А нора, по которой можно попасть внутрь замка, она здесь, только в неё ещё залезть надо.

Он наклонился над обрывом, если можно так сказать про мохнатый шар, и вдруг совсем пропал. Паля заглянула вниз. Видно было только двор замка, по которому толпой ходили орки, размахивая дубинами, да ещё гарпии стояли около фонтана.

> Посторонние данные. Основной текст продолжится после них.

lemma block_integral_le_oscillation:
  fixes f :: "real \<Rightarrow> real" and N :: nat
  assumes adm: "admissible f" and x: "0 < x" and N: "0 < N"
    and osc: "\<And>u v. x \<le> u \<Longrightarrow> u \<le> v \<Longrightarrow> v \<le> 2 * x \<Longrightarrow> \<bar>integral {u..v} (\<lambda>t. t powr (\<nu> - 1) * f t)\<bar> \<le> \<eta>"
  shows "block_integral f \<nu> x \<le> real N * \<eta> + 2 powr \<bar>\<nu> - 1\<bar> * x powr \<nu> / real N * total_variation f x (2 * x)"
proof -
  define q where "q i = x + real i * x / real N" for i
  define c where "c = 2 powr \<bar>\<nu> - 1\<bar> * x powr (\<nu> - 1)"
  have ends: "q 0 = x" "q N = 2 * x"
    unfolding q_def using N by auto
  have width: "q (Suc i) - q i = x / real N" for i
    unfolding q_def using N by (simp add: field_simps)
  have "0 \<le> x / real N"
    using x by simp
  then have step: "q i \<le> q (Suc i)" for i
    using width[of i] by linarith
  have inside: "x \<le> q i" "i \<le> N \<Longrightarrow> q i \<le> 2 * x" for i
    unfolding q_def using x N by (auto simp: field_simps)
  let ?g = "\<lambda>t. t powr (\<nu> - 1) * \<bar>f t\<bar>"
  have "block_integral f \<nu> x = (\<Sum>i<N. integral {q i..q (Suc i)} ?g)"
    unfolding block_integral_def
    using integral_sum_partition[of N q ?g] step admissible_integrable_powr(2)[OF adm x] ends by simp
  also have "\<dots> \<le> (\<Sum>i<N. \<eta> + x / real N * c * total_variation f (q i) (q (Suc i)))"
  proof (rule sum_mono)
    fix i assume "i \<in> {..<N}"
    then have sub: "x \<le> q i" "q i \<le> q (Suc i)" "q (Suc i) \<le> 2 * x"
      using inside[of i] inside[of "Suc i"] step[of i] by auto
    have "integral {q i..q (Suc i)} ?g \<le> \<bar>integral {q i..q (Suc i)} (\<lambda>t. t powr (\<nu> - 1) * f t)\<bar>
        + (q (Suc i) - q i) * c * total_variation f (q i) (q (Suc i))"
    proof (rule integral_weighted_abs_le)
      show "bounded_variation_on f (q i) (q (Suc i))"
        using admissible_bounded_variation_on[OF adm] sub x by auto
      show "?g integrable_on {q i..q (Suc i)}"
        using admissible_integrable_powr(2)[OF adm] sub x by auto
      fix t assume "t \<in> {q i..q (Suc i)}"
      then show "0 \<le> t powr (\<nu> - 1) \<and> t powr (\<nu> - 1) \<le> c"
        unfolding c_def using powr_doubling_bounds(1)[OF x] sub by auto
    qed (fact sub(2))
    then show "integral {q i..q (Suc i)} ?g \<le> \<eta> + x / real N * c * total_variation f (q i) (q (Suc i))"
      using osc[OF sub] width[of i] by simp
  qed
  also have "\<dots> = real N * \<eta> + x / real N * c * (\<Sum>i<N. total_variation f (q i) (q (Suc i)))"
    by (simp add: sum.distrib sum_distrib_left)
  also have "\<dots> \<le> real N * \<eta> + x / real N * c * total_variation f x (2 * x)"
  proof -
    have "(\<Sum>i<N. total_variation f (q i) (q (Suc i))) \<le> total_variation f x (2 * x)"
      using sum_total_variation_le[of N q f] step admissible_bounded_variation_on[OF adm] x ends by simp
    moreover have "0 \<le> x / real N * c"
      unfolding c_def using x by simp
    ultimately show ?thesis
      by (intro add_left_mono mult_left_mono)
  qed
  also have "x / real N * c = 2 powr \<bar>\<nu> - 1\<bar> * x powr \<nu> / real N"
    unfolding c_def using powr_mult_base[of x "\<nu> - 1"] x by simp
  finally show ?thesis .
qed

lemma abs_mult_powr_le_block_integral:
  fixes f :: "real \<Rightarrow> real"
  assumes adm: "admissible f" and x: "0 < x" and s: "x \<le> s" "s \<le> 2 * x"
  shows "\<bar>f s\<bar> * x powr \<nu>
    \<le> 2 powr \<bar>\<nu> - 1\<bar> * (block_integral f \<nu> x + 2 powr \<bar>\<nu> - 1\<bar> * x powr \<nu> * total_variation f x (2 * x))"
proof -
  let ?V = "total_variation f x (2 * x)" and ?\<kappa> = "2 powr \<bar>\<nu> - 1\<bar>"
  let ?g = "\<lambda>t. t powr (\<nu> - 1) * \<bar>f t\<bar>"
  have bv: "bounded_variation_on f x (2 * x)"
    using admissible_bounded_variation_on[OF adm] x by auto
  have gi: "?g integrable_on {x..2 * x}"
    using admissible_integrable_powr(2)[OF adm x] .
  have xx: "x * x powr (\<nu> - 1) = x powr \<nu>"
    using powr_mult_base[of x "\<nu> - 1"] x by simp
  have "\<bar>f s\<bar> * x powr \<nu> = integral {x..2 * x} (\<lambda>t. x powr (\<nu> - 1) * \<bar>f s\<bar>)"
    using x by (simp flip: xx)
  also have "\<dots> \<le> integral {x..2 * x} (\<lambda>t. ?\<kappa> * (?g t + ?\<kappa> * x powr (\<nu> - 1) * ?V))"
  proof (rule integral_le)
    show "(\<lambda>t. ?\<kappa> * (?g t + ?\<kappa> * x powr (\<nu> - 1) * ?V)) integrable_on {x..2 * x}"
      by (intro integrable_on_mult_right integrable_add gi Henstock_Kurzweil_Integration.integrable_const_ivl)
    fix t assume t: "t \<in> {x..2 * x}"
    have "\<bar>f s\<bar> \<le> \<bar>f t\<bar> + ?V"
      using abs_diff_le_total_variation_within[OF bv, of t s] t s by auto
    then have "x powr (\<nu> - 1) * \<bar>f s\<bar> \<le> ?\<kappa> * t powr (\<nu> - 1) * (\<bar>f t\<bar> + ?V)"
      using powr_doubling_bounds(2)[OF x, of t "\<nu> - 1"] t
      by (intro mult_mono) auto
    also have "\<dots> = ?\<kappa> * (?g t + t powr (\<nu> - 1) * ?V)"
      by (simp add: algebra_simps)
    also have "\<dots> \<le> ?\<kappa> * (?g t + ?\<kappa> * x powr (\<nu> - 1) * ?V)"
      using powr_doubling_bounds(1)[OF x, of t "\<nu> - 1"] t total_variation_nonneg[OF bv] x
      by (intro mult_left_mono add_left_mono mult_right_mono) auto
    finally show "x powr (\<nu> - 1) * \<bar>f s\<bar> \<le> ?\<kappa> * (?g t + ?\<kappa> * x powr (\<nu> - 1) * ?V)" .
  qed (rule Henstock_Kurzweil_Integration.integrable_const_ivl)
  also have "\<dots> = ?\<kappa> * integral {x..2 * x} (\<lambda>t. ?g t + ?\<kappa> * x powr (\<nu> - 1) * ?V)"
    by (rule integral_mult_right)
  also have "integral {x..2 * x} (\<lambda>t. ?g t + ?\<kappa> * x powr (\<nu> - 1) * ?V)
      = block_integral f \<nu> x + ?\<kappa> * (x * x powr (\<nu> - 1)) * ?V"
    unfolding block_integral_def
    using integral_add[OF gi Henstock_Kurzweil_Integration.integrable_const_ivl, of "?\<kappa> * x powr (\<nu> - 1) * ?V"] x
    by simp
  finally show ?thesis
    by (simp only: xx)
qed

lemma admissible_bounded_at_top:
  assumes adm: "admissible f"
  obtains B where "0 \<le> B" "\<And>t. 1 \<le> t \<Longrightarrow> \<bar>f t\<bar> \<le> B"
proof -
  have "\<forall>\<^sub>F t in at_top. \<bar>f t\<bar> < 1"
    using tendstoD[of f 0 at_top 1] adm unfolding admissible_def by (simp add: dist_real_def)
  then obtain X where X: "\<And>t. X \<le> t \<Longrightarrow> \<bar>f t\<bar> < 1"
    unfolding eventually_at_top_linorder by blast
  have bv: "bounded_variation_on f 1 (max X 1)"
    using admissible_bounded_variation_on[OF adm] by simp
  have "\<bar>f t\<bar> \<le> 1 + \<bar>f 1\<bar> + total_variation f 1 (max X 1)" if "1 \<le> t" for t
  proof (cases "X \<le> t")
    case True
    then show ?thesis
      using X[of t] total_variation_nonneg[OF bv] by simp
  next
    case False
    then have "\<bar>f t - f 1\<bar> \<le> total_variation f 1 (max X 1)"
      using abs_diff_le_total_variation_within[OF bv, of 1 t] that by simp
    then show ?thesis
      by linarith
  qed
  moreover have "0 \<le> 1 + \<bar>f 1\<bar> + total_variation f 1 (max X 1)"
    using total_variation_nonneg[OF bv] by simp
  ultimately show thesis
    using that by blast
qed

lemma block_integral_le_powr:
  assumes adm: "admissible f" and B: "\<And>t. 1 \<le> t \<Longrightarrow> \<bar>f t\<bar> \<le> B" and x: "1 \<le> x"
  shows "block_integral f \<nu> x \<le> 2 powr \<bar>\<nu> - 1\<bar> * B * x powr \<nu>"
proof -
  have x0: "0 < x"
    using x by simp
  have "block_integral f \<nu> x \<le> integral {x..2 * x} (\<lambda>t. 2 powr \<bar>\<nu> - 1\<bar> * x powr (\<nu> - 1) * B)"
    unfolding block_integral_def
  proof (rule integral_le[OF admissible_integrable_powr(2)[OF adm x0]])
    fix t assume t: "t \<in> {x..2 * x}"
    then have "t powr (\<nu> - 1) \<le> 2 powr \<bar>\<nu> - 1\<bar> * x powr (\<nu> - 1)" "\<bar>f t\<bar> \<le> B"
      using powr_doubling_bounds(1)[OF x0] B x by auto
    then show "t powr (\<nu> - 1) * \<bar>f t\<bar> \<le> 2 powr \<bar>\<nu> - 1\<bar> * x powr (\<nu> - 1) * B"
      by (intro mult_mono) auto
  qed (rule Henstock_Kurzweil_Integration.integrable_const_ivl)
  also have "\<dots> = 2 powr \<bar>\<nu> - 1\<bar> * B * (x * x powr (\<nu> - 1))"
    using x by (simp add: algebra_simps)
  also have "x * x powr (\<nu> - 1) = x powr \<nu>"
    using powr_mult_base[of x "\<nu> - 1"] x by simp
  finally show ?thesis .
qed

section \<open>Decay of GM functions\<close>

lemma admissible_integrable_abs_div:
  assumes adm: "admissible f" and "0 < a"
  shows "(\<lambda>t. \<bar>f t\<bar> / t) integrable_on {a..b}"
proof -
  have "continuous_on {a..b} inverse"
    using assms(2) by (intro continuous_intros) auto
  from admissible_integrable_times_continuous(2)[OF adm _ this] show ?thesis
    using assms(2) by (simp add: divide_inverse mult.commute)
qed

lemma integral_abs_div_le_block_integrals:
  fixes f :: "real \<Rightarrow> real"
  assumes adm: "admissible f" and y: "0 < y" and \<nu>: "0 < \<nu>"
  shows "integral {y..2 ^ n * y} (\<lambda>t. \<bar>f t\<bar> / t) \<le> y powr - \<nu> * (\<Sum>i<n. block_integral f \<nu> (2 ^ i * y))"
proof -
  define q :: "nat \<Rightarrow> real" where "q i = 2 ^ i * y" for i
  have q: "0 < q i" "y \<le> q i" "q (Suc i) = 2 * q i" for i
    unfolding q_def using y by auto
  have "integral {q 0..q n} (\<lambda>t. \<bar>f t\<bar> / t) = (\<Sum>i<n. integral {q i..q (Suc i)} (\<lambda>t. \<bar>f t\<bar> / t))"
    using q admissible_integrable_abs_div[OF adm] by (intro integral_sum_partition) auto
  also have "\<dots> \<le> (\<Sum>i<n. y powr - \<nu> * block_integral f \<nu> (q i))"
  proof (rule sum_mono)
    fix i
    have "integral {q i..q (Suc i)} (\<lambda>t. \<bar>f t\<bar> / t)
        \<le> integral {q i..q (Suc i)} (\<lambda>t. y powr - \<nu> * (t powr (\<nu> - 1) * \<bar>f t\<bar>))"
    proof (rule integral_le)
      show "(\<lambda>t. \<bar>f t\<bar> / t) integrable_on {q i..q (Suc i)}"
        using admissible_integrable_abs_div[OF adm q(1)] .
      show "(\<lambda>t. y powr - \<nu> * (t powr (\<nu> - 1) * \<bar>f t\<bar>)) integrable_on {q i..q (Suc i)}"
        using admissible_integrable_powr(2)[OF adm q(1)] by (rule integrable_on_mult_right)
      fix t assume t: "t \<in> {q i..q (Suc i)}"
      then have t0: "0 < t" and "y \<le> t"
        using q[of i] by auto
      then have "t powr - \<nu> \<le> y powr - \<nu>"
        using y \<nu> by (intro powr_mono2') auto
      moreover have "t powr - \<nu> * t powr (\<nu> - 1) = t powr - 1"
        by (simp add: powr_add[symmetric])
      then have "1 / t = t powr - \<nu> * t powr (\<nu> - 1)"
        using t0 by (simp add: powr_minus_divide)
      ultimately have "1 / t \<le> y powr - \<nu> * t powr (\<nu> - 1)"
        by (simp add: mult_right_mono)
      then have "1 / t * \<bar>f t\<bar> \<le> y powr - \<nu> * t powr (\<nu> - 1) * \<bar>f t\<bar>"
        by (rule mult_right_mono) simp
      then show "\<bar>f t\<bar> / t \<le> y powr - \<nu> * (t powr (\<nu> - 1) * \<bar>f t\<bar>)"
        by (simp add: mult.assoc)
    qed
    then show "integral {q i..q (Suc i)} (\<lambda>t. \<bar>f t\<bar> / t) \<le> y powr - \<nu> * block_integral f \<nu> (q i)"
      unfolding block_integral_def q(3) by simp
  qed
  finally show ?thesis
    unfolding q_def by (simp add: sum_distrib_left)
qed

А циркуса нигде не было видно, словно его никогда и не было, но потом откуда-то снизу высунулась розовая ладошка и дернула её вниз.

Паля даже ещё испугаться не успела, как оказалась в какой-то норе, сделанной прямо в скале. Там было темно, солнце куда-то сразу пропало, и Паля поползла по узкой норе вслед за циркусом, постоянно утыкаясь в его густую теплую шерсть.

В этой норе все время слышались разные звуки, то кто-то кричал всякие непонятные слова, то стучал, то вдруг где-то что-то громко падало. Циркус двигался быстро, а Паля медленно потому, что циркус неизвестно на чем ходил, а Паля ходила на своих коленках, а это было очень даже больно.

И ещё она постоянно билась своей головой о камень, отчего в её глазах появлялись разные цветные искорки, но от них почему-то в норе светлее не становилось, а только ещё темнее.

Так они ползли, ползли, и когда Паля уже решила, что больше она совсем ползти не сможет потому, что все коленки и голова уже очень болели, как они оказались в каком-то темном, но очень просторном месте, где Паля даже смогла встать на ноги и не обо что не стукнуться.